The Story Behind Stubborn Inflation

Lauren Hyomin Kim
3 min readMay 31, 2023
FT montage; Dreamstime

Even as the economy is close to full recovery from the COVID-19 pandemic that swept the world two years ago, US inflation rates remain high. As of today (May 30, 2023), the inflation rate is at 4.93%. While this is 0.05% lower than what it was at 4.98% last month in April—and way lower than its peak at 9.1% in June—, it still floats far above the 2% target rate that the Fed set back in 2012.

There are usually two stories behind inflation: demand-pull inflation and cost-pull inflation. Demand-inflation happens when consumer demand exceeds supply. Cost-pull inflation happens when there is a sudden supply shock, resulting in a decrease in goods and services provided. The question on the table is which of these two explains high consumer prices now.

The story used to be cost-pull inflation. The onset of the Russian-Ukraine war back in February fueled product shortages in the food, energy, and mineral markets that resulted in cost increases. The conflict also interfered with global supply chains, with major obstructions to the flow of goods into and out of the warring countries.

In recent months, the prices of input goods—like oil and food ingredients— that were once so high have started to gradually fall. The cost of transportation has also followed suit. The initial shocks of the Ukraine war and the pandemic have started to fade as the world readjusts and reorganizes itself. American consumer demand has shifted back to services and away from goods. This has led shipping rates to fall by more than 80% of what it was at its peak. Port congestion and hold ups along both coasts have also started to clear up.

The story now is demand-pull inflation. Households emerging from the pandemic have built up a demand for goods and services. Not only are consumers eager to go out and spend on the things they were unable to during a global health crisis—vacations, cruise trips, concerts, etc.—, they also now have the means to finance their spending sprees. This is all thanks to generous government stimulus measures during the pandemic. Stimulus payments, investment gains, pay raises, and low interest rates place households in a better financial position to buy. Consumer excitement and excess disposable income contribute to a demand surge, which in turn might be keeping inflation high even as supply shocks disappear.

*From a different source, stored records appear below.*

lemma surj_inner_eq:
  fixes e :: "'a::real_inner"
  assumes "surj g" and "e \<noteq> 0"
  shows "\<exists>u. g u \<bullet> e = r"
proof -
  obtain u where "g u = (r / (e \<bullet> e)) *\<^sub>R e"
    using assms(1) by (metis surjD)
  then have "g u \<bullet> e = r"
    using assms(2) by simp
  then show ?thesis ..
qed

lemma backstep_barrier_safe_input:
  fixes Dh :: "'a::real_normed_vector \<times> real \<Rightarrow> ('a \<times> real) \<Rightarrow>\<^sub>L real"
    and Dk :: "'a \<times> real \<Rightarrow> ('a \<times> real) \<Rightarrow>\<^sub>L 'b::real_inner"
  assumes \<sigma>: "\<sigma> > 0" and B1: "surj (B1 p z)"
    and k_safe: "hdot Dh F B p t (k (p, t)) > - \<alpha> (h (p, t))"
    and \<alpha>1: "\<alpha> (h (p, t)) \<le> \<alpha>1 (h (p, t))"
  shows "\<exists>u. hdot (backstep_barrier_deriv \<sigma> k Dh Dk) (strict_feedback_drift F B F1)
      (strict_feedback_input B1) (p, z) t u > - \<alpha>1 (backstep_barrier \<sigma> h k ((p, z), t))"
proof (cases "z = k (p, t)")
  case True
  then show ?thesis
    using k_safe \<alpha>1 by (simp add: hdot_backstep_barrier backstep_barrier_on_k)
next
  case False
  define e where "e = z - k (p, t)"
  define c where "c = hdot Dh F B p t z"
  define d where "d = F1 p z - Dk (p, t) (F p + B p z, 1)"
  define M where "M = \<bar>c\<bar> + \<bar>\<alpha>1 (backstep_barrier \<sigma> h k ((p, z), t))\<bar> + 1"
  obtain u where u: "B1 p z u \<bullet> e = - (d \<bullet> e) - \<sigma> * M"
    using surj_inner_eq[OF B1] False by (metis e_def eq_iff_diff_eq_0)
  have "(F1 p z + B1 p z u - Dk (p, t) (F p + B p z, 1)) \<bullet> e = - \<sigma> * M"
    by (simp add: d_def inner_diff_left inner_add_left u algebra_simps)
  then have "hdot (backstep_barrier_deriv \<sigma> k Dh Dk) (strict_feedback_drift F B F1)
      (strict_feedback_input B1) (p, z) t u = c + M"
    using \<sigma> by (simp add: hdot_backstep_barrier c_def e_def)
  then show ?thesis
    unfolding M_def by (intro exI[of _ u]) linarith
qed

lemma cbf_wrt_backstep:
  fixes F :: "'a::real_normed_vector \<Rightarrow> 'a" and B :: "'a \<Rightarrow> 'b::real_inner \<Rightarrow> 'a"
    and F1 :: "'a \<Rightarrow> 'b \<Rightarrow> 'b" and B1 :: "'a \<Rightarrow> 'b \<Rightarrow> 'u \<Rightarrow> 'b"
    and t0 :: real and tf :: ereal
  defines "T \<equiv> time_dom t0 tf"
  assumes h_cbf: "cbf_wrt F B t0 tf h Dh D \<alpha>"
    and Dk_cont: "continuous_on (UNIV \<times> T) Dk"
    and k_der: "\<And>y. y \<in> UNIV \<times> T \<Longrightarrow>
      (k has_derivative blinfun_apply (Dk y)) (at y within UNIV \<times> T)"
    and k_safe: "\<forall>(p, t) \<in> flow_graph T D. hdot Dh F B p t (k (p, t)) > - \<alpha> (h (p, t))"
    and \<sigma>: "\<sigma> > 0" and \<alpha>1: "\<forall>s. \<alpha> s \<le> \<alpha>1 s" and B1: "\<forall>p z. surj (B1 p z)"
  shows "cbf_wrt (strict_feedback_drift F B F1) (strict_feedback_input B1) t0 tf
    (backstep_barrier \<sigma> h k) (backstep_barrier_deriv \<sigma> k Dh Dk) (\<lambda>t. D t \<times> UNIV) \<alpha>1"
proof -
  have k_cont: "continuous_on (UNIV \<times> T) k"
    unfolding continuous_on_eq_continuous_within using k_der has_derivative_continuous by blast
  from h_cbf have Dh_cont: "continuous_on (UNIV \<times> T) Dh"
    and h_der: "\<And>y. y \<in> UNIV \<times> T \<Longrightarrow>
      (h has_derivative blinfun_apply (Dh y)) (at y within UNIV \<times> T)"
    and Dh_nondeg: "\<And>x t. t \<in> T \<Longrightarrow> h (x, t) = 0 \<Longrightarrow> \<exists>w. Dh (x, t) (w, 0) \<noteq> 0"
    and D_superlevel: "\<And>t. t \<in> T \<Longrightarrow> {x. h (x, t) \<ge> 0} \<subseteq> D t"
    unfolding cbf_wrt_def T_def by blast+
  show ?thesis
    unfolding cbf_wrt_def T_def[symmetric]
  proof (intro conjI)
    show "continuous_on (UNIV \<times> T) (backstep_barrier_deriv \<sigma> k Dh Dk)"
      using Dh_cont Dk_cont k_cont by (rule continuous_on_backstep_barrier_deriv)
    show "\<forall>y \<in> UNIV \<times> T. (backstep_barrier \<sigma> h k has_derivative backstep_barrier_deriv \<sigma> k Dh Dk y)
        (at y within UNIV \<times> T)"
      using has_derivative_backstep_barrier h_der k_der proj_pt_image by blast
    show "\<forall>x. \<forall>t \<in> T. backstep_barrier \<sigma> h k (x, t) = 0 \<longrightarrow>
        (\<exists>w. backstep_barrier_deriv \<sigma> k Dh Dk (x, t) (w, 0) \<noteq> 0)"
    proof (intro allI ballI impI)
      fix x t
      assume "t \<in> T" and "backstep_barrier \<sigma> h k (x, t) = 0"
      moreover obtain p z where "x = (p, z)"
        by fastforce
      moreover have "\<sigma> \<noteq> 0"
        using \<sigma> by simp
      ultimately show "\<exists>w. backstep_barrier_deriv \<sigma> k Dh Dk (x, t) (w, 0) \<noteq> 0"
        using Dh_nondeg by (blast intro: backstep_barrier_deriv_nondegenerate)
    qed
    show "\<forall>t \<in> T. {x. backstep_barrier \<sigma> h k (x, t) \<ge> 0} \<subseteq> D t \<times> UNIV"
    proof (intro ballI subsetI)
      fix t x
      assume t: "t \<in> T" and "x \<in> {x. backstep_barrier \<sigma> h k (x, t) \<ge> 0}"
      moreover obtain p z where x: "x = (p, z)"
        by fastforce
      ultimately have "h (p, t) \<ge> 0"
        using backstep_barrier_le[of \<sigma> h k p z t] \<sigma> by simp
      then show "x \<in> D t \<times> UNIV"
        using D_superlevel[OF t] x by blast
    qed
    show "\<forall>(x, t) \<in> flow_graph T (\<lambda>t. D t \<times> UNIV). \<exists>u.
        hdot (backstep_barrier_deriv \<sigma> k Dh Dk) (strict_feedback_drift F B F1)
          (strict_feedback_input B1) x t u > - \<alpha>1 (backstep_barrier \<sigma> h k (x, t))"
    proof (intro ballI)
      fix y :: "('a \<times> 'b) \<times> real"
      assume "y \<in> flow_graph T (\<lambda>t. D t \<times> UNIV)"
      then obtain p z t where y: "y = ((p, z), t)" and "(p, t) \<in> flow_graph T D"
        by (auto simp: flow_graph_def)
      with k_safe \<sigma> B1 \<alpha>1 show "case y of (x, t) \<Rightarrow> \<exists>u.
          hdot (backstep_barrier_deriv \<sigma> k Dh Dk) (strict_feedback_drift F B F1)
            (strict_feedback_input B1) x t u > - \<alpha>1 (backstep_barrier \<sigma> h k (x, t))"
        unfolding y prod.case by (intro backstep_barrier_safe_input) auto
    qed
  qed
qed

This is the changing story behind stubbornly high inflation. Unfortunately, it seems that as soon as things have started to settle down on the supply side, forces on the demand side have acted up to keep consumer prices high. In hopes of taming inflation, The Federal Reserve raised interest rates by a quarter of a percentage point back in March. Time can only tell whether this will provide much help in reigning back inflation rates. If not, economists remain hopeful that with the coming Biden-McCarthy budget deal and the proposed spending cuts, there will be clear improvements.